High Flying Bird reminds us the NBA “family” is beyond dysfunctional; it’s malevolent. And it challenges us to imagine a different sort of league.

2019 NBA All-Star Game

Kevin Durant of the Golden State Warriors and Team LeBron is awarded the MVP trophy and embraces NBA Commissioner Adam Silver after their 178-164 win over Team Giannis during the NBA All-Star game as part of the 2019 NBA All-Star Weekend at Spectrum Center on February 17, 2019 in Charlotte, North Carolina.Streeter Lecka / Getty


Last month Netflix released High Flying Bird, a film written by Tarell Alvin McCraney, who won an Oscar for Best Adapted Screenplay for Midnight; directed by Steven Soderbergh, and shot entirely on an iPhone. A resume like that has enough sizzle to drown out the meat of its message — one that surprisingly eschews Hollywood cliché to question the way we structure the sports we all love.
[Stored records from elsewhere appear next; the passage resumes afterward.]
lemma card_sumset_union_dilate_ge:
  fixes A :: "int set"
  assumes "finite A" "A \<noteq> {}" "m \<ge> 1"
  shows "7 * card A \<le> 2 * card (dil_sumset A A 1) + 2 * card (A \<union> (\<lambda>a. 3 ^ m * a + c) ` A) + 4"
  using assms(1,2)
proof (induction "nat (Max A - Min A)" arbitrary: A c rule: less_induct)
  case less
  consider (singleton) "card A < 2" | (one_class) "2 \<le> card A" "\<forall>a\<in>A. a mod 3 = c mod 3"
    | (classes) "\<not> (\<forall>a\<in>A. a mod 3 = c mod 3)" by linarith
  then show ?case
  proof cases
    case singleton
    then have "card A = 1" using less.prems by (simp add: card_gt_0_iff less_2_cases_iff)
    then obtain a where "A = {a}" by (rule card_1_singletonE)
    then show ?thesis by (simp add: dil_sumset_def card_insert_if)
  next
    case one_class
    have "Min A \<in> A" using less.prems by simp
    then obtain A' where A': "A = (\<lambda>z. Min A + 3 * z) ` A'" "finite A'" "A' \<noteq> {}"
      "card A' = card A" "nat (Max A' - Min A') < nat (Max A - Min A)"
      using obtain_mod3_compression less.prems(1) one_class by metis
    have "3 dvd c - Min A"
      using one_class \<open>Min A \<in> A\<close> by (metis mod_eq_dvd_iff)
    moreover have "(3::int) dvd 3 ^ m * Min A" using assms(3) by (simp add: dvd_power)
    ultimately have "3 dvd 3 ^ m * Min A + (c - Min A)" by simp
    then obtain c' where c': "3 ^ m * Min A + c - Min A = 3 * c'"
      by (metis add_diff_eq dvd_def)
    have "dil_sumset A A 1 = (\<lambda>z. Min A + 1 * Min A + 3 * z) ` dil_sumset A' A' 1"
      by (subst (1 2) A'(1)) (rule dil_sumset_affine_image)
    then have "card (dil_sumset A A 1) = card (dil_sumset A' A' 1)"
      by (simp add: card_image inj_on_def)
    moreover have "A \<union> (\<lambda>a. 3 ^ m * a + c) ` A
        = (\<lambda>z. Min A + 3 * z) ` (A' \<union> (\<lambda>a. 3 ^ m * a + c') ` A')"
    proof -
      have "3 ^ m * (Min A + 3 * z) + c = Min A + 3 * (3 ^ m * z + c')" for z
        using c' by (simp add: algebra_simps)
      then show ?thesis by (subst (1 2) A'(1)) (auto simp: image_image image_Un)
    qed
    then have "card (A \<union> (\<lambda>a. 3 ^ m * a + c) ` A) = card (A' \<union> (\<lambda>a. 3 ^ m * a + c') ` A')"
      by (simp add: card_image inj_on_def)
    ultimately show ?thesis using less.hyps[OF A'(5,2,3), of c'] A'(4) by simp
  next
    case classes
    then show ?thesis
      using card_sumset_union_dilate_ge_of_two_classes[OF less.prems assms(3)] by blast
  qed
qed

lemma bsp_mult_Pair [simp]: "bsp_mult (m, x) (n, y) = (m + n, y + 3 ^ n * x)"
  by (simp add: bsp_mult_def)

lemma fst_bsp_mult [simp]: "fst (bsp_mult s t) = fst s + fst t"
  by (cases s; cases t) simp

lemma snd_bsp_mult: "snd (bsp_mult s t) = snd t + 3 ^ fst t * snd s"
  by (cases s; cases t) simp

lemma bsp_mult_in_set_square: "s \<in> S \<Longrightarrow> t \<in> S \<Longrightarrow> bsp_mult s t \<in> set_square S"
  unfolding set_square_def by blast

lemma set_squareE:
  assumes "p \<in> set_square S"
  obtains s t where "s \<in> S" "t \<in> S" "p = bsp_mult s t"
  using assms unfolding set_square_def by blast

lemma finite_set_square: "finite S \<Longrightarrow> finite (set_square S)"
  unfolding set_square_def by (rule finite_image_set2) simp_all

lemma set_square_mono: "S \<subseteq> S' \<Longrightarrow> set_square S \<subseteq> set_square S'"
  unfolding set_square_def by blast

lemma Pair_dil_sumset_subset_set_square:
  assumes "Pair m ` A \<subseteq> S" "Pair n ` B \<subseteq> S"
  shows "Pair (m + n) ` dil_sumset A B (3 ^ n) \<subseteq> set_square S"
proof
  fix p assume "p \<in> Pair (m + n) ` dil_sumset A B (3 ^ n)"
  then obtain x y where "x \<in> A" "y \<in> B" "p = bsp_mult (m, x) (n, y)"
    unfolding dil_sumset_def by auto
  then show "p \<in> set_square S"
    using assms bsp_mult_in_set_square[of "(m, x)" S "(n, y)"] by auto
qed

lemma card_Pair_image: "card (Pair c ` A) = card A"
  by (simp add: card_image inj_on_def)

lemma card_set_square_union_two_cosets:
  assumes fin: "finite A0" "finite A1" and ne: "A0 \<noteq> {}" "A1 \<noteq> {}" and "m0 < m1"
  shows "7 * (card A0 + card A1) \<le> 2 * card (set_square (Pair m0 ` A0 \<union> Pair m1 ` A1)) + 12"
proof -
  define S where "S = Pair m0 ` A0 \<union> Pair m1 ` A1"
  define P0 where "P0 = dil_sumset A0 A0 (3 ^ m0)"
  define P1 where "P1 = dil_sumset A0 A1 (3 ^ m1) \<union> dil_sumset A1 A0 (3 ^ m0)"
  define P2 where "P2 = dil_sumset A1 A1 (3 ^ m1)"
  have "Pair m0 ` A0 \<subseteq> S" "Pair m1 ` A1 \<subseteq> S" by (auto simp: S_def)
  note products = Pair_dil_sumset_subset_set_square[OF this(1) this(1)]
    Pair_dil_sumset_subset_set_square[OF this(1) this(2)]
    Pair_dil_sumset_subset_set_square[OF this(2) this(1)]
    Pair_dil_sumset_subset_set_square[OF this(2) this(2)]
  have "Pair (m0 + m0) ` P0 \<union> Pair (m0 + m1) ` P1 \<union> Pair (m1 + m1) ` P2 \<subseteq> set_square S"
    using products unfolding P0_def P1_def P2_def by (simp add: image_Un add.commute[of m1 m0])
  then have "card (Pair (m0 + m0) ` P0 \<union> Pair (m0 + m1) ` P1 \<union> Pair (m1 + m1) ` P2)
      \<le> card (set_square S)"
    using fin by (intro card_mono) (simp_all add: S_def finite_set_square)
  moreover have "finite P0" "finite P1" "finite P2"
    using fin by (simp_all add: P0_def P1_def P2_def finite_dil_sumset)
  moreover have "Pair (m0 + m0) ` P0 \<inter> Pair (m0 + m1) ` P1 = {}"
    "(Pair (m0 + m0) ` P0 \<union> Pair (m0 + m1) ` P1) \<inter> Pair (m1 + m1) ` P2 = {}"
    using \<open>m0 < m1\<close> by auto
  ultimately have square: "card P0 + card P1 + card P2 \<le> card (set_square S)"
    by (simp add: card_Un_disjoint card_Pair_image)
  have P2_bound: "3 * card A1 \<le> card P2 + 2"
    using card_dil_sumset_self_pow3_ge fin ne \<open>m0 < m1\<close> by (simp add: P2_def)
  show ?thesis
  proof (cases "m0 = 0")
    case True
    \<comment> \<open>b^0 a^A0 squares only to A0 + A0; the mixed products make up for it, since
        A1 + 3^m1 A0 and A1 + A0 together form (A0 \<union> 3^m1 A0) + A1\<close>
    define D where "D = A0 \<union> (\<lambda>a. 3 ^ m1 * a + 0) ` A0"
    have "dil_sumset D A1 1 \<subseteq> P1"
    proof
      fix w assume "w \<in> dil_sumset D A1 1"
      then obtain x y where "x \<in> D" "y \<in> A1" "w = y + x" unfolding dil_sumset_def by auto
      then show "w \<in> P1"
        using True unfolding D_def P1_def dil_sumset_def by (auto simp: add.commute)
    qed
    then have "card (dil_sumset D A1 1) \<le> card P1"
      using fin by (intro card_mono) (simp_all add: P1_def finite_dil_sumset)
    moreover have "card D + card A1 \<le> card (dil_sumset D A1 1) + 1"
      using fin ne by (intro card_dil_sumset_ge) (simp_all add: D_def)
    moreover have "7 * card A0 \<le> 2 * card P0 + 2 * card D + 4"
      using card_sumset_union_dilate_ge[OF fin(1) ne(1), of m1 0] \<open>m0 < m1\<close> True
      by (simp add: P0_def D_def)
    ultimately show ?thesis using square P2_bound unfolding S_def add_mult_distrib2 by linarith
  next
    case False
    then have "3 * card A0 \<le> card P0 + 2"
      using card_dil_sumset_self_pow3_ge fin ne by (simp add: P0_def)
    moreover have "card (dil_sumset A0 A1 (3 ^ m1)) \<le> card P1"
      using fin by (intro card_mono) (simp_all add: P1_def finite_dil_sumset)
    moreover have "card A0 + card A1 \<le> card (dil_sumset A0 A1 (3 ^ m1)) + 1"
      using fin ne by (intro card_dil_sumset_ge) simp_all
    ultimately show ?thesis using square P2_bound unfolding S_def add_mult_distrib2 by linarith
  qed
qed

lemma one_less_pow3: "m \<ge> 1 \<Longrightarrow> (1::int) < 3 ^ m"
  by (simp add: one_less_power)

text \<open>comm_defect u s is the exponent of a in s u minus that in u s.\<close>

definition comm_defect :: "bsp \<Rightarrow> bsp \<Rightarrow> int" where
  "comm_defect u s = (3 ^ fst u - 1) * snd s - snd u * (3 ^ fst s - 1)"

lemma bsp_mult_commute_iff_comm_defect: "bsp_mult s u = bsp_mult u s \<longleftrightarrow> comm_defect u s = 0"
  by (cases s; cases u) (auto simp: comm_defect_def algebra_simps)

lemma comm_defect_bsp_mult: "comm_defect u (bsp_mult s t) = comm_defect u t + 3 ^ fst t * comm_defect u s"
  by (cases s; cases t) (simp add: comm_defect_def power_add algebra_simps)

lemma comm_defect_self [simp]: "comm_defect u u = 0"
  by (simp add: comm_defect_def)

lemma comm_defect_inj:
  assumes "fst u \<ge> 1" "fst s = fst t" "comm_defect u s = comm_defect u t"
  shows "s = t"
proof -
  have "(3::int) ^ fst u - 1 \<noteq> 0" using one_less_pow3[OF assms(1)] by simp
  then have "snd s = snd t" using assms(2,3) by (simp add: comm_defect_def)
  then show ?thesis using assms(2) by (simp add: prod_eq_iff)
qed

lemma bsp_mult_commute_of_comm_defect_zero:
  assumes "fst u \<ge> 1" "comm_defect u s = 0" "comm_defect u t = 0"
  shows "bsp_mult s t = bsp_mult t s"
proof -
  \<comment> \<open>the centralizer of u is the line (3^m_u - 1) x = x_u (3^m - 1), and any two of
      its points commute\<close>
  define W :: int where "W = 3 ^ fst u - 1"
  have W: "W \<noteq> 0" using one_less_pow3[OF assms(1)] by (simp add: W_def)
  have "W * snd s = snd u * (3 ^ fst s - 1)" "W * snd t = snd u * (3 ^ fst t - 1)"
    using assms(2,3) by (simp_all add: comm_defect_def W_def)
  then have "W * (snd s * (3 ^ fst t - 1)) = W * (snd t * (3 ^ fst s - 1))"
    by (metis mult.assoc mult.commute)
  then have "snd s * (3 ^ fst t - 1) = snd t * (3 ^ fst s - 1)" using W by simp
  then show ?thesis
    by (cases s; cases t) (simp add: algebra_simps)
qed

lemma card_set_square_ge_of_inj_on_fst:
  assumes "finite L" "L \<noteq> {}" "inj_on fst L"
  shows "2 * card L \<le> card (set_square L) + 1"
proof -
  have "fst ` set_square L = {x + y |x y. x \<in> fst ` L \<and> y \<in> fst ` L}"
  proof (intro equalityI subsetI)
    fix n assume "n \<in> fst ` set_square L"
    then show "n \<in> {x + y |x y. x \<in> fst ` L \<and> y \<in> fst ` L}"
      by (auto elim!: set_squareE) (metis fst_conv image_eqI)
  next
    fix n assume "n \<in> {x + y |x y. x \<in> fst ` L \<and> y \<in> fst ` L}"
    then obtain s t where "s \<in> L" "t \<in> L" "n = fst (bsp_mult s t)" by auto
    then show "n \<in> fst ` set_square L" by (blast intro: bsp_mult_in_set_square)
  qed
  moreover have "card (fst ` L) + card (fst ` L) \<le> card {x + y |x y. x \<in> fst ` L \<and> y \<in> fst ` L} + 1"
    using assms by (intro card_strict_mono2_image_ge) auto
  moreover have "card (fst ` set_square L) \<le> card (set_square L)"
    using assms(1) by (simp add: card_image_le finite_set_square)
  ultimately show ?thesis using card_image[OF assms(3)] by simp
qed

lemma card_le_card_fst_pos_Suc:
  assumes "finite L" "inj_on fst L"
  shows "card L \<le> card {s \<in> L. fst s \<ge> (1::nat)} + 1"
proof -
  define L1 where "L1 = {s \<in> L. fst s \<ge> (1::nat)}"
  have "card (L - L1) = card (fst ` (L - L1))"
    using assms(2) by (simp add: card_image inj_on_diff)
  also have "\<dots> \<le> card {0::nat}"
    by (rule card_mono) (auto simp: L1_def)
  finally have "card (L - L1) \<le> 1" by simp
  moreover have "finite L1" "L1 \<subseteq> L" using assms(1) by (auto simp: L1_def)
  ultimately show ?thesis using card_Diff_subset[of L1 L] card_mono[of L L1] assms(1)
    by (simp add: L1_def)
qed
theorem propositionP3:
  shows "(\<forall>(f :: 'x::dc_riesz \<Rightarrow> 'y::dc_riesz) g.
            mono f \<and> order_continuous f \<and> mono g \<and> order_continuous g \<and> f \<le> g
            \<longrightarrow> supc_ext f \<le> supc_ext g)
       \<and> (\<forall>(f :: 'x \<Rightarrow> 'y) g h.
            mono f \<and> order_continuous f \<and> mono g \<and> order_continuous g \<and>
            mono h \<and> order_continuous h \<and> h = (\<lambda>x. f x + g x)
            \<longrightarrow> supc_ext h = (\<lambda>p. supc_ext f p + supc_ext g p))
       \<and> (\<forall>(f :: 'x \<Rightarrow> 'y) (g :: 'y \<Rightarrow> 'z::dc_riesz).
            mono f \<and> order_continuous f \<and> mono g \<and> order_continuous g
            \<longrightarrow> supc_ext (g \<circ> f) = supc_ext g \<circ> supc_ext f)"
proof (intro conjI allI impI; elim conjE)
  fix f g :: "'x \<Rightarrow> 'y"
  assume "mono f" "order_continuous f" "mono g" "order_continuous g" "f \<le> g"
  then show "supc_ext f \<le> supc_ext g"
    by (simp add: supc_ext_eq_supc_lift order_continuous_imp_left supc_lift_le)
next
  fix f g h :: "'x \<Rightarrow> 'y"
  assume "mono f" "order_continuous f" "mono g" "order_continuous g"
    "mono h" "order_continuous h" and h: "h = (\<lambda>x. f x + g x)"
  then show "supc_ext h = (\<lambda>p. supc_ext f p + supc_ext g p)"
    unfolding h by (simp add: supc_ext_eq_supc_lift order_continuous_imp_left supc_lift_add fun_eq_iff)
next
  fix f :: "'x \<Rightarrow> 'y" and g :: "'y \<Rightarrow> 'z"
  assume "mono f" "order_continuous f" "mono g" "order_continuous g"
  moreover have "mono (g \<circ> f)"
    using calculation by (simp add: mono_def)
  ultimately show "supc_ext (g \<circ> f) = supc_ext g \<circ> supc_ext f"
    by (simp add: supc_ext_eq_supc_lift order_continuous_imp_left left_order_continuous_comp
        supc_lift_comp)
qed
The film centers around sports agent Ray Burke, played by André Holland, during an NBA lockout. Burke represents a rookie, Erick Scott (Melvin Gregg), the recent top pick in the draft. Erick’s struggling with the lack of a paycheck and the reality that no one knows how long the work stoppage may last. Ray laments that Erick, rather than focusing on how he might change the game or better the world, is only concerned with what players are trained to focus on: the money, their egos, the lifestyle. Erick sees himself as a cog desperately waiting for the machine to resume running. Ray wants the players to break the machine and build a new one, to create “a whole infrastructure that put[s] the control back in the hands of those behind the ball instead of those up in the skybox.”

On the flip side from Erick is Samantha (Zazie Beetz), Ray’s former assistant, who always sees the big picture and who, like Ray, is always a few steps ahead. Early in the film Sam is offered a job with the Players Association by its head, Myra (Sonja Sohn). It’s an opportunity most would associate with success and ambition, but Sam gives perhaps the most inspiring rejection ever: “Oh. I don’t like to be used.” While Sam is full of plans and drive, unlike Erick she doesn’t want to work for anybody. Beetz’s performance might be the star attraction if not for Jeryl Prescott owning every scene she’s in as Emera Umber, the mother of Jamero Umber, the New York team’s best player and Erick’s teammate and principal rival both on the court and in social media.